Robert was elected at TFC’s 2021 Annual Meeting held November 29 at the Gaylord Opryland Resort and Convention Center in Nashville.


He says the many changes taking place in agriculture and at TFC with the establishment of the joint venture companies were among the many reasons he felt compelled to seek the position. 


“I think TFC is in a time of transition with the joint ventures,” says Robert. “Times have changed, and we won’t be able to do things like we have in the past. TFC is in really good [financial] shape, and we all want to preserve the farm supply business and the services TFC offers for the next generation.”


The innovative farmer comes by his dedication to Co-op honestly. His dad, Howell, became a member of McMinn Farmers Co-op — one of the forerunners to what is now known as AgCentral Farmers Co-op — when he began farming in the early 1950s. He was serving as president of the Co-op board and signed his son’s own membership certificate when Robert joined the Co-op in 1983. Robert went on to serve on the board of Valley Farmers Co-op and is in his eighth year of service on the AgCentral board, which included terms as secretary and vice president. He just began the first year of a three-year term that will be his last before he rotates off the board. 


“I think you really need to sit on a local Co-op board before you serve on the TFC board,” he says. “The experience gives you understanding of how the locals work and how they depend on TFC to function.”
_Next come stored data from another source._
text \<open>If \<open>v \<noteq> v'\<close>, then \<open>q = (v + v') x\<close> is a unit mod \<open>P\<close> with \<open>coeff0_mod (q x^j) = 0\<close> for all
  \<open>j < n\<close>, hence \<open>coeff0_mod (q h) = 0\<close> for every \<open>h\<close>, contradicting
  \<open>coeff0_mod (q q^-1) = 1\<close>.\<close>

lemma mub_z_label_inj:
  assumes x: "x < 2 ^ n" "x \<noteq> 0" and v: "v < 2 ^ n" "v' < 2 ^ n"
    and eq: "mub_z_label v x = mub_z_label v' x"
  shows "v = v'"
proof (rule ccontr)
  assume "v \<noteq> v'"
  define q where "q = poly_of_nat n (xor v v') * poly_of_nat n x"
  have "\<not> P dvd q"
    using prime_elem_dvd_multD[OF field_poly_irreducible_imp_prime[OF irreducible]]
      not_P_dvd_poly_of_nat[of "xor v v'"] not_P_dvd_poly_of_nat[OF x] v \<open>v \<noteq> v'\<close>
    by (auto simp: q_def xor_less_pow xor_eq_0_iff)
  then obtain h where "(q * h) mod P = 1"
    by (rule exists_inverse_mod)
  then have "coeff0_mod (q * (h mod P)) = 1"
    by (simp only: coeff0_mod_mod_right) (simp add: coeff0_mod_def)
  moreover have "coeff0_mod (q * monom 1 j) = 0" if "j < n" for j
  proof -
    have "coeff0_mod (poly_of_nat n v * poly_of_nat n x * monom 1 j) =
        coeff0_mod (poly_of_nat n v' * poly_of_nat n x * monom 1 j)"
      using eq of_bool_bit_mub_z_label[OF that] by metis
    then show ?thesis
      by (simp add: q_def poly_of_nat_xor algebra_simps coeff0_mod_add)
  qed
  ultimately show False
    by (simp add: coeff0_mod_mult_sum_monom degree_mod_P_less)
qed

lemma bij_betw_mub_z_label:
  assumes "x < 2 ^ n" "x \<noteq> 0"
  shows "bij_betw (\<lambda>v. mub_z_label v x) {..<2 ^ n} {..<2 ^ n}"
proof -
  have "inj_on (\<lambda>v. mub_z_label v x) {..<2 ^ n}"
    using mub_z_label_inj[OF assms] by (auto intro: inj_onI)
  moreover have "(\<lambda>v. mub_z_label v x) ` {..<2 ^ n} = {..<2 ^ n}"
    using calculation by (intro endo_inj_surj) (auto simp: mub_z_label_less)
  ultimately show ?thesis
    by (simp add: bij_betw_def)
qed

end

section \<open>Pauli strings stabilising a Clifford state\<close>

lemma clifford_permutes_pauli_labels:
  assumes V: "clifford n V"
  obtains g where "bij_betw g ({..<2 ^ n} \<times> {..<2 ^ n}) ({..<2 ^ n} \<times> {..<2 ^ n})"
    and "\<And>p. p \<in> {..<2 ^ n} \<times> {..<2 ^ n} \<Longrightarrow> \<exists>ph. ph \<noteq> 0 \<and>
      V * pauli n (fst p) (snd p) * mat_adjoint V = ph \<cdot>\<^sub>m pauli n (fst (g p)) (snd (g p))"
proof -
  let ?L = "{..<(2::nat) ^ n} \<times> {..<(2::nat) ^ n}"
  have "\<exists>q. q \<in> ?L \<and> (\<exists>ph. ph \<noteq> 0 \<and>
      V * pauli n (fst p) (snd p) * mat_adjoint V = ph \<cdot>\<^sub>m pauli n (fst q) (snd q))"
    if "p \<in> ?L" for p
  proof -
    from that have "fst p < 2 ^ n" "snd p < 2 ^ n"
      by auto
    then obtain ph a' b' where "ph \<noteq> 0" "a' < 2 ^ n" "b' < 2 ^ n"
      "V * pauli n (fst p) (snd p) * mat_adjoint V = ph \<cdot>\<^sub>m pauli n a' b'"
      by (rule clifford_conj_pauli[OF V])
    then show ?thesis
      by (intro exI[of _ "(a', b')"]) auto
  qed
  then have "\<forall>p\<in>?L. \<exists>q. q \<in> ?L \<and> (\<exists>ph. ph \<noteq> 0 \<and>
      V * pauli n (fst p) (snd p) * mat_adjoint V = ph \<cdot>\<^sub>m pauli n (fst q) (snd q))"
    by blast
  from bchoice[OF this] obtain g where "\<forall>p\<in>?L. g p \<in> ?L \<and> (\<exists>ph. ph \<noteq> 0 \<and>
      V * pauli n (fst p) (snd p) * mat_adjoint V = ph \<cdot>\<^sub>m pauli n (fst (g p)) (snd (g p)))" ..
  then have g: "g ` ?L \<subseteq> ?L"
    and conj: "\<And>p. p \<in> ?L \<Longrightarrow> \<exists>ph. ph \<noteq> 0 \<and>
      V * pauli n (fst p) (snd p) * mat_adjoint V = ph \<cdot>\<^sub>m pauli n (fst (g p)) (snd (g p))"
    by blast+
  have undo: "pauli n a b = mat_adjoint V * (V * pauli n a b * mat_adjoint V) * V" for a b
    using conj_inverse[OF unitary_mat_adjoint[OF clifford_unitary_mat[OF V]], of "pauli n a b"] by simp
  have "inj_on g ?L"
  proof (rule inj_onI)
    fix p p'
    assume p: "p \<in> ?L" and p': "p' \<in> ?L" and same: "g p = g p'"
    let ?Y = "mat_adjoint V * pauli n (fst (g p)) (snd (g p)) * V"
    obtain ph where "ph \<noteq> 0"
      and "V * pauli n (fst p) (snd p) * mat_adjoint V = ph \<cdot>\<^sub>m pauli n (fst (g p)) (snd (g p))"
      using conj[OF p] by blast
    then have Y: "pauli n (fst p) (snd p) = ph \<cdot>\<^sub>m ?Y"
      using undo conj_smult[OF clifford_unitary_mat[OF V] pauli_carrier] by metis
    obtain ph' where "V * pauli n (fst p') (snd p') * mat_adjoint V = ph' \<cdot>\<^sub>m pauli n (fst (g p)) (snd (g p))"
      using conj[OF p'] same by auto
    then have Y': "pauli n (fst p') (snd p') = ph' \<cdot>\<^sub>m ?Y"
      using undo conj_smult[OF clifford_unitary_mat[OF V] pauli_carrier] by metis
    have "ph \<cdot>\<^sub>m pauli n (fst p') (snd p') = ph' \<cdot>\<^sub>m pauli n (fst p) (snd p)"
      unfolding Y Y' by (simp add: smult_smult_mat mult.commute)
    then have "fst p' = fst p" "snd p' = snd p"
      using pauli_labels_unique[OF \<open>ph \<noteq> 0\<close>] p p' by (auto simp: mem_Times_iff)
    then show "p = p'"
      by (simp add: prod_eq_iff)
  qed
  moreover have "g ` ?L = ?L"
    using calculation g by (intro endo_inj_surj) simp_all
  ultimately show ?thesis
    using that conj by (auto simp: bij_betw_def)
qed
Robert graduated McMinn County High School and received a associate's degree in agriculture from Hiwassee College in Madisonville and a bachelor’s degree in agriculture with an animal science major from the University of Tennessee, Knoxville. 


“I always knew I really wanted to come home to farm, but I also knew I had to get a degree,” says Robert. 


Robert went to work for a local bank after graduation and ended up spending 20 years in the financial business while farming on the side. In the banking industry, he saw his share of mergers, consolidations, and buyouts, and learned the importance of careful financial practices and lending rules. 


Robert and his wife, Lyn, still live on the 43-acre farm his great grandfather purchased in 1883. Operating a successful dairy, his great grandfather was able to eventually grow the farm to 480 acres. The original homeplace is still standing on the property.


“Times got a little rough during the Depression, and my grandparents had to sell off 150 acres,” says Robert. “But later, my dad and mom got married, came back to the farm, and bought the original 330 acres from my granddad.”


His parents ran the dairy for around 10 years before going back to teaching school. 


Today, Robert farms around 760 acres with the help of son, Will, who also works off the farm as a mechanical engineer. Will and his wife, McKenzie, live on the farm as well. They call the property Lane View Farms.


“We have around 241 brood cows, and along with calves and our registered Angus bulls, we have 464 head on the farm right now,” says Robert. “About 25 percent of those are registered Angus. We use registered Angus bulls and own a partial interest in the Select Sires bull Deer Valley Optimum, which gives us additional access to some outstanding genetics.”


Robert also does embryo transfer work and recently flushed some 25 grade-1 embryos from Poss Deadwood. 


“We’re excited to see what comes from these embryos,” he says. “Agriculture is changing, just like the Co-op, and we’re definitely not doing things the way we did even 10 years ago.”


Robert says he is grateful for the confidence shown by his fellow farmers by electing him to his new TFC director post.


“I told everyone to contact me if there was anything they wanted to discuss,” he says. “We can always talk, and I will listen. I try to be open minded, and I admit there are things I don’t know. For example, I didn't realize that Tennessee is the last federated co-op in the nation. That's kind of surprising, and we really don't want to take for granted what we've got here.”